Asia Palomba/Travel + Leisure
We tasted lamb and steak, sea bass and fish chowder. There are times when the weather feels like the earth itself is punishing us for our existence, and we seek refuge in a warm pub, munching on roast beef slathered in gravy and crunchy red apples. I asked for a local cider which I can only describe as delicious. One autumn day. We were also lucky to experience days when the wind died down, the clouds disappeared, and only undiluted sunlight made the hills and sea shine like the finest jewels. That day, we soaked up the warm spring sunshine with the sheep lying on the grass.
My family’s history had been largely silent for a century, so tracing my heritage back nearly 200 years and visiting the homes where they once lived was nothing short of a metaphysical experience. I now know that part of me is from Cork City, descended from basket weavers, servants and laborers. I also know that three generations of my female ancestors tended to marry late, in their mid-twenties for the time, and were referred to in public records as spinsters. It was more information than I expected, and I can’t help but feel a new affinity for this country. I’m already planning a second, more extended road trip for spring 2025.

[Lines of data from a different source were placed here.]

definition ideal_on :: "'a set \<Rightarrow> 'a set set \<Rightarrow> bool" where
  "ideal_on X I \<longleftrightarrow> I \<subseteq> Pow X
     \<and> (\<forall>A B. A \<in> I \<and> B \<subseteq> A \<longrightarrow> B \<in> I)
     \<and> (\<forall>A B. A \<in> I \<and> B \<in> I \<longrightarrow> A \<union> B \<in> I)
     \<and> X \<notin> I
     \<and> (\<forall>F. finite F \<and> F \<subseteq> X \<longrightarrow> F \<in> I)"

definition positive_sets :: "'a set \<Rightarrow> 'a set set \<Rightarrow> 'a set set" where
  "positive_sets X I = Pow X - I"

definition p_plus :: "'a set \<Rightarrow> 'a set set \<Rightarrow> bool" where
  "p_plus X I \<longleftrightarrow> (\<forall>A :: nat \<Rightarrow> 'a set.
      (\<forall>n. A n \<in> positive_sets X I) \<and> (\<forall>n. A (Suc n) \<subseteq> A n) \<longrightarrow>
      (\<exists>B \<in> positive_sets X I. \<forall>n. finite (B - A n)))"

definition nowhere_dense_in :: "'b topology \<Rightarrow> 'b set \<Rightarrow> bool" where
  "nowhere_dense_in T S \<longleftrightarrow> T interior_of (T closure_of S) = {}"

definition meager_in :: "'b topology \<Rightarrow> 'b set \<Rightarrow> bool" where
  "meager_in T S \<longleftrightarrow> (\<exists>F :: nat \<Rightarrow> 'b set.
      (\<forall>n. nowhere_dense_in T (F n)) \<and> S \<subseteq> (\<Union>n. F n))"

text \<open>The Cantor space 2^A: product of discrete two-point spaces over A;
  a subset B of A is identified with its characteristic function on A.\<close>
definition cantor_space :: "'a set \<Rightarrow> ('a \<Rightarrow> bool) topology" where
  "cantor_space A = product_topology (\<lambda>_. discrete_topology (UNIV :: bool set)) A"

definition char_point :: "'a set \<Rightarrow> 'a set \<Rightarrow> ('a \<Rightarrow> bool)" where
  "char_point A B = (\<lambda>x\<in>A. x \<in> B)"

definition hereditarily_meager :: "'a set \<Rightarrow> 'a set set \<Rightarrow> bool" where
  "hereditarily_meager X I \<longleftrightarrow> (\<forall>A \<in> positive_sets X I.
      meager_in (cantor_space A) (char_point A ` (I \<inter> Pow A)))"

definition I_crowded_topology :: "'a set set \<Rightarrow> 'a topology \<Rightarrow> bool" where
  "I_crowded_topology I \<tau> \<longleftrightarrow> {U. openin \<tau> U} \<inter> I = {{}}"

definition I_tau_crowded :: "'a set \<Rightarrow> 'a set set \<Rightarrow> 'a topology \<Rightarrow> 'a set \<Rightarrow> bool" where
  "I_tau_crowded X I \<tau> A \<longleftrightarrow>
     (\<forall>U. openin \<tau> U \<longrightarrow> A \<inter> U = {} \<or> A \<inter> U \<in> positive_sets X I)"

definition dense_in :: "'a topology \<Rightarrow> 'a set \<Rightarrow> bool" where
  "dense_in \<tau> D \<longleftrightarrow> D \<subseteq> topspace \<tau> \<and> \<tau> closure_of D = topspace \<tau>"

definition pi_base :: "'a topology \<Rightarrow> 'a set set \<Rightarrow> bool" where
  "pi_base \<tau> \<B> \<longleftrightarrow> (\<forall>B\<in>\<B>. openin \<tau> B \<and> B \<noteq> {})
     \<and> (\<forall>U. openin \<tau> U \<and> U \<noteq> {} \<longrightarrow> (\<exists>B\<in>\<B>. B \<subseteq> U))"

text \<open>Countable posets are represented (up to isomorphism) on subsets of nat.\<close>
definition countable_poset :: "nat set \<Rightarrow> (nat \<Rightarrow> nat \<Rightarrow> bool) \<Rightarrow> bool" where
  "countable_poset P le \<longleftrightarrow> P \<noteq> {}
     \<and> (\<forall>p\<in>P. le p p)
     \<and> (\<forall>p\<in>P. \<forall>q\<in>P. \<forall>r\<in>P. le p q \<and> le q r \<longrightarrow> le p r)
     \<and> (\<forall>p\<in>P. \<forall>q\<in>P. le p q \<and> le q p \<longrightarrow> p = q)"

definition dense_poset :: "nat set \<Rightarrow> (nat \<Rightarrow> nat \<Rightarrow> bool) \<Rightarrow> nat set \<Rightarrow> bool" where
  "dense_poset P le D \<longleftrightarrow> D \<subseteq> P \<and> (\<forall>p\<in>P. \<exists>q\<in>D. le q p)"

definition filter_poset :: "nat set \<Rightarrow> (nat \<Rightarrow> nat \<Rightarrow> bool) \<Rightarrow> nat set \<Rightarrow> bool" where
  "filter_poset P le G \<longleftrightarrow> G \<subseteq> P \<and> G \<noteq> {}
     \<and> (\<forall>p\<in>G. \<forall>q\<in>P. le p q \<longrightarrow> q \<in> G)
     \<and> (\<forall>p\<in>G. \<forall>q\<in>G. \<exists>r\<in>G. le r p \<and> le r q)"

definition MA_countable :: "'b set \<Rightarrow> bool" where
  "MA_countable S \<longleftrightarrow> (\<forall>P le (\<D> :: 'b \<Rightarrow> nat set).
      countable_poset P le \<and> (\<forall>i\<in>S. dense_poset P le (\<D> i)) \<longrightarrow>
      (\<exists>G. filter_poset P le G \<and> (\<forall>i\<in>S. G \<inter> \<D> i \<noteq> {})))"

text \<open>pi w(tau) < m_c, where m_c is the least cardinal for which MA fails for
  countable posets. Since MA fails at 2^aleph_0, and the set of failing cardinals is
  upward closed, it suffices to range over failing index sets of type nat set set
  (cardinalities up to 2^continuum). pi w(tau) < m_c iff some pi-base has cardinality
  strictly below every cardinal at which MA fails.\<close>
definition piw_less_mc :: "'a topology \<Rightarrow> bool" where
  "piw_less_mc \<tau> \<longleftrightarrow> (\<exists>\<B>. pi_base \<tau> \<B> \<and>
      (\<forall>S :: nat set set. \<not> MA_countable S \<longrightarrow> \<B> \<prec> S))"

end

theory Submission
  imports Defs
begin
(* Let $G=(V,E)$ be a connected graph, let $\mathcal{B}$ be the set of blocks of $G$ which are not cut edges of pendant paths of $G$, and let $\mu(v)$ denote the number of blocks containing the vertex $v$. Then $$Z_c(G)\geq\sum_{B\in\mathcal{B}}\delta(G[B])-\sum_{p\in R_2\cup R_3}(\mu(p)-1),$$ where $R_2=\{v\in V:\kappa(G-v)=2,\ p(v)=0\}$ and $R_3=\{v\in V:\kappa(G-v)\geq 3\}$.
   Context: A block is a maximal subgraph with no articulation point. $\kappa(H)$ is the number of connected components of $H$; $\delta(H)$ is the minimum degree of $H$. A pendant path attached to a vertex $v$ is a set $P\subset V$ such that $G[P]$ is a path component of $G-v$, one of whose ends is adjacent to $v$ in $G$; $p(v)$ is the number of pendant paths attached to $v$; a cut edge of a pendant path is an edge of the path $G[P\cup\{v\}]$. Zero forcing: given a set $S$ of initially colored vertices, if a colored vertex $u$ has exactly one uncolored neighbor $w$, then $w$ becomes colored; $S$ is a zero forcing set if repeated application colors all vertices. $Z_c(G)$ is the minimum size of a zero forcing set $S$ with $G[S]$ connected. *)

theory Defs
  imports Main
begin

I’m not going to pretend to be Irish just because I have a nationality. We understand that claiming land rights requires more than a passport and a few old documents. However, I do admit that Ireland is my family connection and I am unexpectedly very proud of it. How I am bound to a land where sheep fall like snow, where shadows of green blankets sink over the land, where the sea swirls and thrashes against cliffs in a millennia-long tidal dance. You’ll be lucky.